#### Task material

lemma ln_bracketing_number_mix_density_le:
  fixes PZ :: "'z measure" and F :: "('z \<Rightarrow> real ^ 'D) set"
  assumes PZ: "prob_space PZ" "space PZ = Z"
    and F: "F \<subseteq> borel_measurable PZ" "\<forall>f\<in>F. \<forall>z\<in>Z. \<forall>j. \<bar>f z $ j\<bar> \<le> K"
    and \<sigma>: "0 < \<sigma>min" "\<sigma>min \<le> \<sigma>max" "\<sigma>min \<le> 1" and \<delta>: "0 < \<delta>" "\<delta> \<le> 1"
    and cov: "covering_number (1 / (12 * real CARD('D) ^ 2) * \<sigma>min ^ (CARD('D) + 3) * \<delta> ^ 4) F (sup_dist Z) < \<infinity>"
  shows "let Ps = {mix_density PZ f \<sigma> | f \<sigma>. f \<in> F \<and> \<sigma> \<in> {\<sigma>min..\<sigma>max}} in
    bracketing_number \<delta> Ps < \<infinity> \<and>
    ln (real (the_enat (bracketing_number \<delta> Ps)))
      \<le> ln (real (the_enat (covering_number (1 / (12 * real CARD('D) ^ 2) * \<sigma>min ^ (CARD('D) + 3) * \<delta> ^ 4) F (sup_dist Z))))
         + ln ((12 * real CARD('D) * \<sigma>max + 1) / (\<sigma>min ^ (CARD('D) + 2) * \<delta> ^ 4))"
proof -
  define n where "n = CARD('D)"
  define \<eta> where "\<eta> = 1 / (12 * real n ^ 2) * \<sigma>min ^ (n + 3) * \<delta> ^ 4"
  define \<epsilon> where "\<epsilon> = \<delta>\<^sup>2 / (12 * real n)"
  define M where "M = nat \<lfloor>(\<sigma>max - \<sigma>min) / (\<epsilon> * \<sigma>min)\<rfloor> + 1"
  define Ps where "Ps = {mix_density PZ f \<sigma> | f \<sigma>. f \<in> F \<and> \<sigma> \<in> {\<sigma>min..\<sigma>max}}"
  have n: "1 \<le> n" unfolding n_def by (simp add: Suc_le_eq)
  have \<epsilon>: "0 < \<epsilon>" "12 * real n * \<epsilon> \<le> \<delta>\<^sup>2" "\<delta>\<^sup>2 \<le> 1"
    using n \<delta> by (simp_all add: \<epsilon>_def power_le_one)
  have "covering_number \<eta> F (sup_dist Z) < \<infinity>" using cov by (simp add: \<eta>_def n_def)
  then obtain C where C: "finite C" "C \<subseteq> F" "\<forall>f\<in>F. \<exists>g\<in>C. sup_dist Z f g \<le> \<eta>"
    and card_C: "covering_number \<eta> F (sup_dist Z) = enat (card C)"
    by (rule covering_number_attained)
  have "\<forall>f\<in>F. \<exists>g\<in>C. \<forall>z\<in>space PZ. norm (f z - g z) \<le> \<epsilon> * \<sigma>min"
    using sup_dist_net_imp_norm_net[OF F(2) C(2,3)] net_radius_le[OF n \<sigma>(1,3) \<delta>] PZ(2)
    unfolding \<eta>_def \<epsilon>_def n_def by simp
  then have "bracketing_number \<delta> Ps \<le> enat (card C * M)"
    unfolding Ps_def M_def
    using bracketing_number_mix_density_le[OF PZ(1) F(1) C(1,2) _ \<sigma>(1) \<epsilon>[unfolded n_def]] by blast
  then obtain N where N: "bracketing_number \<delta> Ps = enat N" "N \<le> card C * M"
    by (cases "bracketing_number \<delta> Ps") auto
  have "real M \<le> (12 * real n * \<sigma>max + 1) / (\<sigma>min ^ (n + 2) * \<delta> ^ 4)"
    unfolding M_def \<epsilon>_def using grid_size_le[OF n \<sigma>(1,3,2) \<delta>] .
  then have "ln (real N) \<le> ln (real (card C)) + ln ((12 * real n * \<sigma>max + 1) / (\<sigma>min ^ (n + 2) * \<delta> ^ 4))"
    by (intro ln_le_ln_add_ln_of_le_mult[OF N(2)]) (simp_all add: M_def)
  then show ?thesis
    using N(1) card_C unfolding Let_def Ps_def[symmetric] \<eta>_def n_def by simp
qed

theorem lemma1:
  shows "\<exists>\<delta>s>0. \<forall>K>0. \<forall>\<sigma>max>0. \<exists>c>0. \<exists>c'>0.
    \<forall>d::nat. \<forall>Z::(nat \<Rightarrow> real) set. \<forall>PZ. \<forall>\<sigma>min::real.
      \<forall>F::((nat \<Rightarrow> real) \<Rightarrow> real ^ 'D) set. \<forall>\<delta>::real.
      d \<ge> 1 \<and> Z \<subseteq> Rd d \<and> openin (top_of_set (Rd d)) Z \<and>
      prob_space PZ \<and> space PZ = Z \<and> sets PZ = sets (restrict_space borel Z) \<and>
      0 < \<sigma>min \<and> \<sigma>min < \<sigma>max \<and> \<sigma>min \<le> 1 \<and>
      F \<subseteq> borel_measurable PZ \<and> (\<forall>f\<in>F. \<forall>z\<in>Z. \<forall>j. \<bar>f z $ j\<bar> \<le> K) \<and>
      0 < \<delta> \<and> \<delta> \<le> \<delta>s \<and>
      covering_number (c * \<sigma>min ^ (CARD('D) + 3) * \<delta> ^ 4) F (sup_dist Z) < \<infinity>
      \<longrightarrow>
      (let Ps = {mix_density PZ f \<sigma> | f \<sigma>. f \<in> F \<and> \<sigma> \<in> {\<sigma>min..\<sigma>max}} in
        bracketing_number \<delta> Ps < \<infinity> \<and>
        ln (real (the_enat (bracketing_number \<delta> Ps)))
          \<le> ln (real (the_enat (covering_number (c * \<sigma>min ^ (CARD('D) + 3) * \<delta> ^ 4) F (sup_dist Z))))
             + ln (c' / (\<sigma>min ^ (CARD('D) + 2) * \<delta> ^ 4)))"
  \<comment> \<open>\<open>\<delta>s = 1\<close>.\<close>
  apply (rule exI[of _ "1::real"], intro conjI allI impI)
   apply simp
  subgoal for K \<sigma>max
    apply (rule exI[of _ "1 / (12 * real CARD('D) ^ 2)"], rule conjI, simp)
    apply (rule exI[of _ "12 * real CARD('D) * \<sigma>max + 1"], rule conjI, simp add: add_pos_nonneg)
    apply (intro allI impI, elim conjE)
    by (rule ln_bracketing_number_mix_density_le) simp_all
  done

end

########

> What to work on
Your reply should be only the number of lines in the records above that include "then".

> Exercise solution
5